Hacker News new | ask | show | jobs
by raffraffraff 5 days ago
I'm working on a recommendation service (which, to me, it's the piece I'm missing when I play my local mp3 collection)

I collect song metadata from various places (genre, instruments, track credits, rating). I also scrape charts by year, genre etc.

Then I run an ETL job on the json data I have downloaded, pre-building queries for extremely fast lookup tables. This gets saved to Duckdb, which is used by my go web ui/api.

It's very early days, and I only spend one or two hours a week on it, but right now it's amazingly useful. It had roughly 80k song metadata. To preview the suggested songs I ended up building a very cut-down YouTube music player, except that the playing song has all the metadata right there, and everything is a link that can take you to the artist, composer, instrument, genre, album etc. It's a great way to "wander through your collection".

Unfortunately this is only useful to me, because I targeted the music I listen to.

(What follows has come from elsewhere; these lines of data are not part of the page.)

lemma index_unitary_conj_diag:
  assumes U: "U \<in> carrier_mat n n" and j: "j < n" and k: "k < n"
  shows "(U * mat_diag n f * adj U) $$ (j,k) = (\<Sum>i<n. U $$ (j,i) * f i * cnj (U $$ (k,i)))"
proof -
  have "(U * mat_diag n f) $$ (j,i) = U $$ (j,i) * f i" if "i < n" for i
    using U j that by (simp add: mat_diag_mult_right)
  then show ?thesis
    using U j k by (subst index_mult_mat_sum[of _ n n _ n]) auto
qed

lemma unitary_cancel_left:
  assumes "unitary n U" "X \<in> carrier_mat n k"
  shows "adj U * (U * X) = X"
  using assms by (simp add: unitary_def assoc_mult_mat[symmetric, of _ n n _ n X k])

lemma unitary_undo_conj:
  assumes U: "unitary n U" and A: "A \<in> carrier_mat n n"
  shows "U * (adj U * A * U) * adj U = A"
proof -
  have Uc: "U \<in> carrier_mat n n" and aU: "adj U \<in> carrier_mat n n"
    using U by (simp_all add: unitary_def)
  have X: "adj U * A \<in> carrier_mat n n" using aU A by simp
  have "U * (adj U * A * U) * adj U = U * (adj U * A) * (U * adj U)"
    using assoc_mult_mat[OF Uc X Uc] assoc_mult_mat[OF mult_carrier_mat[OF Uc X] Uc aU] by simp
  also have "\<dots> = A"
    using unitary_mult_adj[OF U] assoc_mult_mat[OF Uc aU A, symmetric] A X Uc by simp
  finally show ?thesis .
qed

section \<open>The spectral theorem for Hermitian matrices\<close>

definition outer_mat :: "nat \<Rightarrow> nat \<Rightarrow> (nat \<Rightarrow> complex) \<Rightarrow> (nat \<Rightarrow> complex) \<Rightarrow> complex mat" where
  "outer_mat m n x y = mat m n (\<lambda>(i,j). x i * cnj (y j))"

lemma outer_mat_carrier [simp]: "outer_mat m n x y \<in> carrier_mat m n"
  by (simp add: outer_mat_def)

lemma dim_outer_mat [simp]: "dim_row (outer_mat m n x y) = m" "dim_col (outer_mat m n x y) = n"
  by (simp_all add: outer_mat_def)

lemma index_outer_mat [simp]: "i < m \<Longrightarrow> j < n \<Longrightarrow> outer_mat m n x y $$ (i,j) = x i * cnj (y j)"
  by (simp add: outer_mat_def)

lemma householder_unitary:
  assumes N: "(\<Sum>i<n. (cmod (w i))\<^sup>2) = N" and N0: "N \<noteq> 0"
  shows "unitary n (1\<^sub>m n - complex_of_real (2 / N) \<cdot>\<^sub>m outer_mat n n w w)"
proof -
  define c where "c = complex_of_real (2 / N)"
  define H where "H = mat n n (\<lambda>(i,j). (if i = j then 1 else 0) - c * w i * cnj (w j))"
  have cc: "cnj c = c" by (simp add: c_def)
  have Nc: "(\<Sum>k<n. cnj (w k) * w k) = complex_of_real N"
    unfolding N[symmetric] by (simp add: cnj_mult_self)
  have cN: "c * c * complex_of_real N = 2 * c"
    using N0 by (simp add: c_def power2_eq_square field_simps flip: of_real_mult)
  have "adj H * H = 1\<^sub>m n"
  proof (rule eq_matI)
    fix i j assume "i < dim_row (1\<^sub>m n)" "j < dim_col (1\<^sub>m n)"
    then have i: "i < n" and j: "j < n" by auto
    have "(adj H * H) $$ (i,j) = (\<Sum>k<n. ((if k = i then 1 else 0) - c * cnj (w k) * w i) *
                                           ((if k = j then 1 else 0) - c * w k * cnj (w j)))"
      using i j by (subst index_mult_mat_sum[of _ n n _ n]) (auto simp: H_def cc intro!: sum.cong)
    also have "\<dots> = (\<Sum>k<n. (if k = i then 1 else 0) * (if k = j then 1 else 0))
        - (\<Sum>k<n. (if k = i then 1 else 0) * (c * w k * cnj (w j)))
        - (\<Sum>k<n. (if k = j then 1 else 0) * (c * cnj (w k) * w i))
        + c * c * w i * cnj (w j) * (\<Sum>k<n. cnj (w k) * w k)"
      by (simp add: algebra_simps sum.distrib sum_subtractf sum_distrib_left)
    also have "\<dots> = (if i = j then 1 else 0) - 2 * c * w i * cnj (w j)
               + c * c * complex_of_real N * w i * cnj (w j)"
      using i j by (simp add: Nc if_distrib[of "\<lambda>x. x * _"] cong: if_cong)
    also have "\<dots> = 1\<^sub>m n $$ (i,j)" using i j cN by simp
    finally show "(adj H * H) $$ (i,j) = 1\<^sub>m n $$ (i,j)" .
  qed (auto simp: H_def)
  moreover have "1\<^sub>m n - c \<cdot>\<^sub>m outer_mat n n w w = H"
    by (rule eq_matI) (auto simp: H_def)
  ultimately show ?thesis by (simp add: unitary_def H_def c_def)
qed
text \<open>0-based access\<close>
fun seq_nth :: "'x seq \<Rightarrow> nat \<Rightarrow> 'x" where
  "seq_nth (Fin x xs) i = (x # xs) ! i"
| "seq_nth (Inf f) i = f i"

fun sum_list_S :: "'s semiring \<Rightarrow> 's list \<Rightarrow> 's" where
  "sum_list_S S [] = szero S"
| "sum_list_S S (x # xs) = splus S x (sum_list_S S xs)"

fun prod_list_S :: "'s semiring \<Rightarrow> 's list \<Rightarrow> 's" where
  "prod_list_S S [] = sone S"
| "prod_list_S S (x # xs) = stimes S x (prod_list_S S xs)"

fun seq_sum :: "'s semiring \<Rightarrow> 's seq \<Rightarrow> 's" where
  "seq_sum S (Fin x xs) = sum_list_S S (x # xs)"
| "seq_sum S (Inf f) = Lub S {sum_list_S S (map f [0..<n]) | n. 1 \<le> n}"

fun seq_prod :: "'s semiring \<Rightarrow> 's seq \<Rightarrow> 's" where
  "seq_prod S (Fin x xs) = prod_list_S S (x # xs)"
| "seq_prod S (Inf f) = Lub S {prod_list_S S (map f [0..<n]) | n. 1 \<le> n}"

text \<open>AVar i is the variable v_i (indices start at 1).\<close>
datatype 's aggr = AConst 's | AVar nat | APlus "'s aggr seq" | ATimes "'s aggr seq"

primrec aggr_vars :: "'s aggr \<Rightarrow> nat set" where
  "aggr_vars (AConst s) = {}"
| "aggr_vars (AVar i) = {i}"
| "aggr_vars (APlus F) = \<Union> (set_seq (map_seq aggr_vars F))"
| "aggr_vars (ATimes F) = \<Union> (set_seq (map_seq aggr_vars F))"

primrec aggr_eval :: "'s semiring \<Rightarrow> 's seq \<Rightarrow> 's aggr \<Rightarrow> 's" where
  "aggr_eval S args (AConst s) = s"
| "aggr_eval S args (AVar i) = seq_nth args (i - 1)"
| "aggr_eval S args (APlus F) = seq_sum S (map_seq (aggr_eval S args) F)"
| "aggr_eval S args (ATimes F) = seq_prod S (map_seq (aggr_eval S args) F)"

definition NF :: "('a \<Rightarrow> 'a seq \<Rightarrow> bool) \<Rightarrow> 'a set" where
  "NF step = {a. \<not> (\<exists>B. step a B)}"

definition is_wARS ::
  "('a \<Rightarrow> 'a seq \<Rightarrow> bool) \<Rightarrow> 's semiring \<Rightarrow> ('a \<Rightarrow> 's) \<Rightarrow> ('a \<Rightarrow> 'a seq \<Rightarrow> 's aggr) \<Rightarrow> bool" where
  "is_wARS step S fNF Aggr \<longleftrightarrow> complete_lattice_semiring S \<and>
     (\<forall>a B. step a B \<longrightarrow> (\<forall>i\<in>aggr_vars (Aggr a B). 1 \<le> i \<and> enat i \<le> seq_len B))"

text \<open>The datatype only contains well-founded trees;
  finite depth is imposed separately.\<close>
datatype 'a tree = Leaf 'a | Node 'a "'a tree seq"

primrec root :: "'a tree \<Rightarrow> 'a" where
  "root (Leaf a) = a"
| "root (Node a F) = a"

inductive is_RT :: "('a \<Rightarrow> 'a seq \<Rightarrow> bool) \<Rightarrow> 'a tree \<Rightarrow> bool" for step where
  "is_RT step (Leaf a)"
| "step a (map_seq root F) \<Longrightarrow> (\<forall>t\<in>set_seq F. is_RT step t) \<Longrightarrow> is_RT step (Node a F)"

inductive depth_le :: "nat \<Rightarrow> 'a tree \<Rightarrow> bool" where
  "depth_le n (Leaf a)"
| "(\<forall>t\<in>set_seq F. depth_le n t) \<Longrightarrow> depth_le (Suc n) (Node a F)"

definition finite_depth :: "'a tree \<Rightarrow> bool" where
  "finite_depth t \<longleftrightarrow> (\<exists>n. depth_le n t)"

Next step is to download lyrics and extract song meaning, keywords etc. Then use MusiCNN, (or CLAP,OpenL3, HTSAT) to extract embeddings. Finally train my own model for nearest-neighbor retrieval based on a mix of metadata, giving the user the ability to tune it on the fly.

1 comments

Did you ever have to pass Appstore review process? How do they look at copyright and stuff when you are publishing an app that plays your local mp3 collection (how does your mp3 collections ends up on your phone?)
Right now mine isn't an app (yet) it's the backend service (api and web) so I just run it in a browser.

For now I'm letting that backend access my files directly. The front end can also play YouTube music (free, using the yt-dlp method).

None of this is public yet so right now I don't need anyone's approval.